DeepGraphLearning / KnowledgeGraphEmbedding

MIT License
1.24k stars 264 forks source link

Why do you separate negative head samples and negative tail samples? #34

Closed renli1024 closed 4 years ago

renli1024 commented 4 years ago

Thanks first for such a good job.

I observe in code that you implement two data iterators named train_dataloader_head and train_dataloader_tail, which respectively generate negative head samples and negative tail samples. And when training, these two iterators are alternatively fed into the model. If what I understand above is right, the model will train one positive sample twice, respectively for neg head and neg tail samples. I want to know why you do negative sampling this way, instead train the neg head and neg tail samples together and back propagate one positive sample once, which I think is a more intuitive way?

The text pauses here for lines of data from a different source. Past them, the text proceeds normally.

(* Let $M,N$ be weights of $\mathbb{R}^m,\mathbb{R}^n$, let $A\in\mathbb{R}^{m\times n}$ with $MA=AN$, and let $K\subseteq\mathbb{R}^n$ be a closed cone. Then $$\big((A^{[\dagger]})^{[*]}\circ I\circ K^{[*]}\big)^{[*]}\subseteq A\circ I\circ K+\mathcal{N}\big((A\circ I)^{[*]}\big).$$ If moreover $A^{[\dagger]}\circ A\circ K\subseteq K$, then equality holds.
   Context: A weight is a real symmetric matrix $W$ with $W^2=I$. $\mathbb{R}^m$ and $\mathbb{R}^n$ carry weights $M\in\mathbb{R}^{m\times m}$ and $N\in\mathbb{R}^{n\times n}$, respectively. The indefinite inner product on the space with weight $W$ is $[x,y]=\langle x,Wy\rangle$. Indefinite matrix product: if $B$ has $p$ columns and $C$ has $p$ rows (or is a vector in $\mathbb{R}^p$), $p\in\{m,n\}$, and $W$ is the weight of $\mathbb{R}^p$, then $B\circ C:=BWC$. $I$ denotes an identity matrix of the appropriate size. Indefinite adjoint of $B\in\mathbb{R}^{p\times q}$: $B^{[*]}:=W_qB^TW_p$, where $W_p,W_q$ are the weights of $\mathbb{R}^p,\mathbb{R}^q$. Indefinite Moore–Penrose inverse: $A^{[\dagger]}$ is the unique $X\in\mathbb{R}^{n\times m}$ such that - $A\circ X\circ A=A$, - $X\circ A\circ X=X$, - $(A\circ X)^{[*]}=A\circ X$, - $(X\circ A)^{[*]}=X\circ A$. It equals $NA^\dagger M$. Range and null space: for a matrix $B$ with $q$ columns, $\mathcal{R}(B)=\{B\circ x:x\in\mathbb{R}^q\}$ and $\mathcal{N}(B)=\{x\in\mathbb{R}^q:B\circ x=0\}$. A cone is a nonempty set closed under addition and under multiplication by nonnegative scalars. For $S$ a subset of $\mathbb{R}^p$ with weight $W$, the dual is $S^{[*]}=\{x\in\mathbb{R}^p:[x,t]\ge0\ \forall t\in S\}$; duals of subsets of $\mathbb{R}^m$ use $M$. For a matrix $B$ and a set $S$, $B\circ S=\{B\circ s:s\in S\}$. The sum of sets is the Minkowski sum. *)

theory Defs
  imports "HOL-Analysis.Analysis"
begin

definition is_weight :: "real^'p^'p \<Rightarrow> bool" where
  "is_weight W \<longleftrightarrow> transpose W = W \<and> W ** W = mat 1"

definition iprod :: "real^'p^'p \<Rightarrow> real^'p^'a \<Rightarrow> real^'b^'p \<Rightarrow> real^'b^'a" where
  "iprod W B C = B ** W ** C"

definition iprodv :: "real^'p^'p \<Rightarrow> real^'p^'a \<Rightarrow> real^'p \<Rightarrow> real^'a" where
  "iprodv W B x = B *v (W *v x)"

definition iadj :: "real^'p^'p \<Rightarrow> real^'q^'q \<Rightarrow> real^'q^'p \<Rightarrow> real^'p^'q" where
  "iadj Wp Wq B = Wq ** transpose B ** Wp"

definition impinv :: "real^'m^'m \<Rightarrow> real^'n^'n \<Rightarrow> real^'n^'m \<Rightarrow> real^'m^'n" where
  "impinv M N A = (THE X.
      iprod M (iprod N A X) A = A \<and>
      iprod N (iprod M X A) X = X \<and>
      iadj M M (iprod N A X) = iprod N A X \<and>
      iadj N N (iprod M X A) = iprod M X A)"

definition inull :: "real^'q^'q \<Rightarrow> real^'q^'p \<Rightarrow> (real^'q) set" where
  "inull W B = {x. iprodv W B x = 0}"

definition idual :: "real^'p^'p \<Rightarrow> (real^'p) set \<Rightarrow> (real^'p) set" where
  "idual W S = {x. \<forall>t\<in>S. x \<bullet> (W *v t) \<ge> 0}"

definition msum :: "('a::plus) set \<Rightarrow> 'a set \<Rightarrow> 'a set" where
  "msum X Y = {x + y | x y. x \<in> X \<and> y \<in> Y}"

end

theory Submission
  imports Defs
begin

text \<open>
  Since \<open>M A = A N\<close>, the matrix \<open>N A\<^sup>\<dagger> M\<close> is the Moore--Penrose inverse of \<open>M A N = A\<close>,
  so the indefinite Moore--Penrose inverse \<open>N A\<^sup>\<dagger> M\<close> is just \<open>A\<^sup>\<dagger>\<close>. The left-hand side, the dual of
  the adjoint image of the dual of \<open>K\<close>, is then the preimage \<open>{y. A\<^sup>\<dagger> y \<in> K}\<close> by the bipolar
  theorem. Every such \<open>y\<close> splits as \<open>A (A\<^sup>\<dagger> y) + (y - A A\<^sup>\<dagger> y)\<close>, the second summand lying in the
  null space of \<open>A\<^sup>T\<close> because \<open>A\<^sup>T A A\<^sup>\<dagger> = A\<^sup>T\<close>. Conversely \<open>A\<^sup>\<dagger>\<close> annihilates that null space, so
  \<open>A\<^sup>\<dagger> (A k + u) = A\<^sup>\<dagger> A k\<close>, which stays in \<open>K\<close> when \<open>A\<^sup>\<dagger> A K \<subseteq> K\<close>.
\<close>

lemma transpose_eq_self_if_self_adjoint:
  fixes B :: "real^'n^'n"
  assumes "\<And>x y. (B *v x) \<bullet> y = x \<bullet> (B *v y)"
  shows "transpose B = B"
  unfolding matrix_eq
  by (metis assms dot_lmul_matrix transpose_matrix_vector vector_eq_rdot)

lemma inner_transpose_mulv: "(transpose A *v x) \<bullet> y = x \<bullet> ((A::real^'n^'m) *v y)"
  by (simp add: dot_lmul_matrix)

definition orth_proj :: "'a::euclidean_space set \<Rightarrow> 'a \<Rightarrow> 'a" where
  "orth_proj S x = (SOME y. y \<in> span S \<and> (\<forall>w\<in>span S. orthogonal (x - y) w))"

lemma orth_proj_in_span: "orth_proj S x \<in> span S"
  and orth_proj_orthogonal: "w \<in> span S \<Longrightarrow> orthogonal (x - orth_proj S x) w"
proof -
  have "\<exists>y. y \<in> span S \<and> (\<forall>w\<in>span S. orthogonal (x - y) w)"
    by (metis orthogonal_subspace_decomp_exists add_diff_cancel_left')
  from someI_ex[OF this] show "orth_proj S x \<in> span S"
    and "w \<in> span S \<Longrightarrow> orthogonal (x - orth_proj S x) w"
    unfolding orth_proj_def by auto
qed

lemma orth_proj_unique:
  assumes "y \<in> span S" and "\<And>w. w \<in> span S \<Longrightarrow> orthogonal (x - y) w"
  shows "orth_proj S x = y"
proof -
  let ?d = "orth_proj S x - y"
  have d: "?d \<in> span S" using assms(1) orth_proj_in_span span_diff by blast
  have "?d \<bullet> ?d = ((x - y) - (x - orth_proj S x)) \<bullet> ?d" by simp
  also have "\<dots> = 0"
    using assms(2)[OF d] orth_proj_orthogonal[OF d] by (simp add: orthogonal_def inner_diff_left)
  finally show ?thesis by simp
qed

lemma orth_proj_id: "x \<in> span S \<Longrightarrow> orth_proj S x = x"
  by (rule orth_proj_unique) (auto simp: orthogonal_def)

lemma linear_orth_proj: "linear (orth_proj S)"
proof
  fix x y
  show "orth_proj S (x + y) = orth_proj S x + orth_proj S y"
    using orth_proj_orthogonal[of _ S x] orth_proj_orthogonal[of _ S y]
    by (intro orth_proj_unique)
       (auto simp: orth_proj_in_span span_add orthogonal_def inner_diff_left inner_add_left)
next
  fix c :: real and x
  show "orth_proj S (c *\<^sub>R x) = c *\<^sub>R orth_proj S x"
    using orth_proj_orthogonal[of _ S x]
    by (intro orth_proj_unique)
       (auto simp: orth_proj_in_span span_mul orthogonal_def inner_diff_left simp flip: scaleR_diff_right)
qed

lemma orth_proj_self_adjoint: "orth_proj S x \<bullet> y = x \<bullet> orth_proj S y"
proof -
  have "orth_proj S x \<bullet> y = orth_proj S x \<bullet> orth_proj S y"
    using orth_proj_orthogonal[OF orth_proj_in_span[of S x], of y]
    by (simp add: orthogonal_def inner_diff_left inner_diff_right inner_commute)
  also have "\<dots> = x \<bullet> orth_proj S y"
    using orth_proj_orthogonal[OF orth_proj_in_span[of S y], of x]
    by (simp add: orthogonal_def inner_diff_left)
  finally show ?thesis .
qed

lemma mulv_orth_proj_range_transpose:
  fixes A :: "real^'n^'m"
  shows "A *v orth_proj (range ((*v) (transpose A))) x = A *v x"
proof -
  let ?W = "range ((*v) (transpose A))"
  have "(A *v (x - orth_proj ?W x)) \<bullet> z = 0" for z
    using orth_proj_orthogonal[of "transpose A *v z" ?W x]
    by (simp add: span_base orthogonal_def inner_commute flip: inner_transpose_mulv)
  then show ?thesis
    by (metis inner_eq_zero_iff matrix_vector_mult_diff_distrib right_minus_eq)
qed

lemma inj_on_mulv_range_transpose:
  fixes A :: "real^'n^'m"
  shows "inj_on ((*v) A) (range ((*v) (transpose A)))"
proof (rule inj_onI, elim rangeE)
  fix z z' w w'
  assume eq: "A *v w = A *v w'" and w: "w = transpose A *v z" and w': "w' = transpose A *v z'"
  have "w - w' = transpose A *v (z - z')"
    by (simp only: w w' matrix_vector_mult_diff_distrib)
  then have "(w - w') \<bullet> (w - w') = (z - z') \<bullet> (A *v (w - w'))"
    by (metis inner_transpose_mulv)
  also have "\<dots> = 0" by (simp add: eq matrix_vector_mult_diff_distrib)
  finally show "w = w'" by simp
qed

definition moore_penrose :: "real^'n^'m \<Rightarrow> real^'m^'n \<Rightarrow> bool" where
  "moore_penrose A Y \<longleftrightarrow> A ** Y ** A = A \<and> Y ** A ** Y = Y \<and>
     transpose (A ** Y) = A ** Y \<and> transpose (Y ** A) = Y ** A"

lemma moore_penrose_if_projections:
  fixes A :: "real^'n^'m"
  defines "R \<equiv> range ((*v) A)" and "W \<equiv> range ((*v) (transpose A))"
  assumes AY: "\<And>y. A *v (Y *v y) = orth_proj R y"
    and YA: "\<And>x. Y *v (A *v x) = orth_proj W x"
    and Y_W: "\<And>y. Y *v y \<in> W"
  shows "moore_penrose A Y"
proof -
  have "A ** Y ** A = A" unfolding matrix_eq
    using YA mulv_orth_proj_range_transpose[of A] unfolding W_def
    by (simp flip: matrix_vector_mul_assoc)
  moreover have "Y ** A ** Y = Y" unfolding matrix_eq
    by (simp add: YA Y_W orth_proj_id span_base flip: matrix_vector_mul_assoc)
  moreover have "transpose (A ** Y) = A ** Y" "transpose (Y ** A) = Y ** A"
    by (rule transpose_eq_self_if_self_adjoint,
        simp add: AY YA orth_proj_self_adjoint flip: matrix_vector_mul_assoc)+
  ultimately show ?thesis unfolding moore_penrose_def by blast
qed

text \<open>\<open>Y\<close> is the inverse of \<open>A\<close> on the range of \<open>A\<^sup>T\<close>, precomposed with the orthogonal projection
  onto the range of \<open>A\<close>.\<close>

lemma moore_penrose_exists: "\<exists>Y. moore_penrose (A::real^'n^'m) Y"
proof -
  define R where "R = range ((*v) A)"
  define W where "W = range ((*v) (transpose A))"
  have "subspace R" "subspace W"
    unfolding R_def W_def by (intro linear_subspace_image matrix_vector_mul_linear subspace_UNIV)+
  then have span_R: "span R = R" and span_W: "span W = W" by (simp_all add: span_eq_iff)
  obtain h where hW: "\<And>y. h y \<in> W" and "linear h" and h: "\<And>w. w \<in> W \<Longrightarrow> h (A *v w) = w"
    using linear_exists_left_inverse_on[OF matrix_vector_mul_linear \<open>subspace W\<close>
        inj_on_mulv_range_transpose[of A, folded W_def]] by blast
  have A_proj: "A *v orth_proj W x = A *v x" for x
    unfolding W_def by (rule mulv_orth_proj_range_transpose)
  have hA: "h (A *v x) = orth_proj W x" for x
    using h[of "orth_proj W x"] orth_proj_in_span[of W x] span_W A_proj by simp
  define Y where "Y = matrix (h \<circ> orth_proj R)"
  have Y: "Y *v y = h (orth_proj R y)" for y
    unfolding Y_def by (simp add: matrix_works linear_compose[OF linear_orth_proj \<open>linear h\<close>])
  have "A *v (Y *v y) = orth_proj R y" for y
  proof -
    obtain x where x: "orth_proj R y = A *v x"
      using orth_proj_in_span[of R y] span_R unfolding R_def by auto
    show ?thesis unfolding Y x hA A_proj ..
  qed
  moreover have "Y *v (A *v x) = orth_proj W x" for x
  proof -
    have "orth_proj R (A *v x) = A *v x"
      by (rule orth_proj_id) (unfold span_R, simp add: R_def)
    then show ?thesis by (simp add: Y hA)
  qed
  ultimately have "moore_penrose A Y"
    using hW by (intro moore_penrose_if_projections) (simp_all add: R_def W_def Y)
  then show ?thesis ..
qed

Thanks a lot for your reply.

Edward-Sun commented 4 years ago

Hi, thanks for the good question.

This separation is merely an easier way to implement negative sampling. What you proposed is also a valid way for negative sampling, but I haven't tried it. Therefore, maybe the method you described will have higher performance than the current implementation and I believe it's worth a try.

kiranramnath007 commented 4 years ago

Have you observed any differences in implementing only one compared to the other? The Local Closed-World Assumption (LCWA) only holds for what you call the tail-batch method of generating false triples, and the head-batch method may not be a justified way of generating false triples. (It may be that that problem is taken care of by the self-adversarial negative sampling weight attached to each sample though)

Edward-Sun commented 4 years ago

Hi, thanks for the good question. We use both head-batch and tail-batch only because this is how the MRR calculated. If MRR is only calculated for the tail-batch (following the LCWA), then I think it's reasonable to only train the model on the tail-batch.

kiranramnath007 commented 4 years ago

Thanks for the interesting detail. However, your recent ACL 2020 publication on re-evaluating baselines seems to refer to only tail-batch corrupted triples for ranking in the notation. Is that correct? So for that did you use only tail-batch corruption during training?

Edward-Sun commented 4 years ago

No, although we might only describe the case for tail-batch, both head-batch and tail-batch are evaluated in that paper. Because head-batch is just tail-batch with the reversed relations.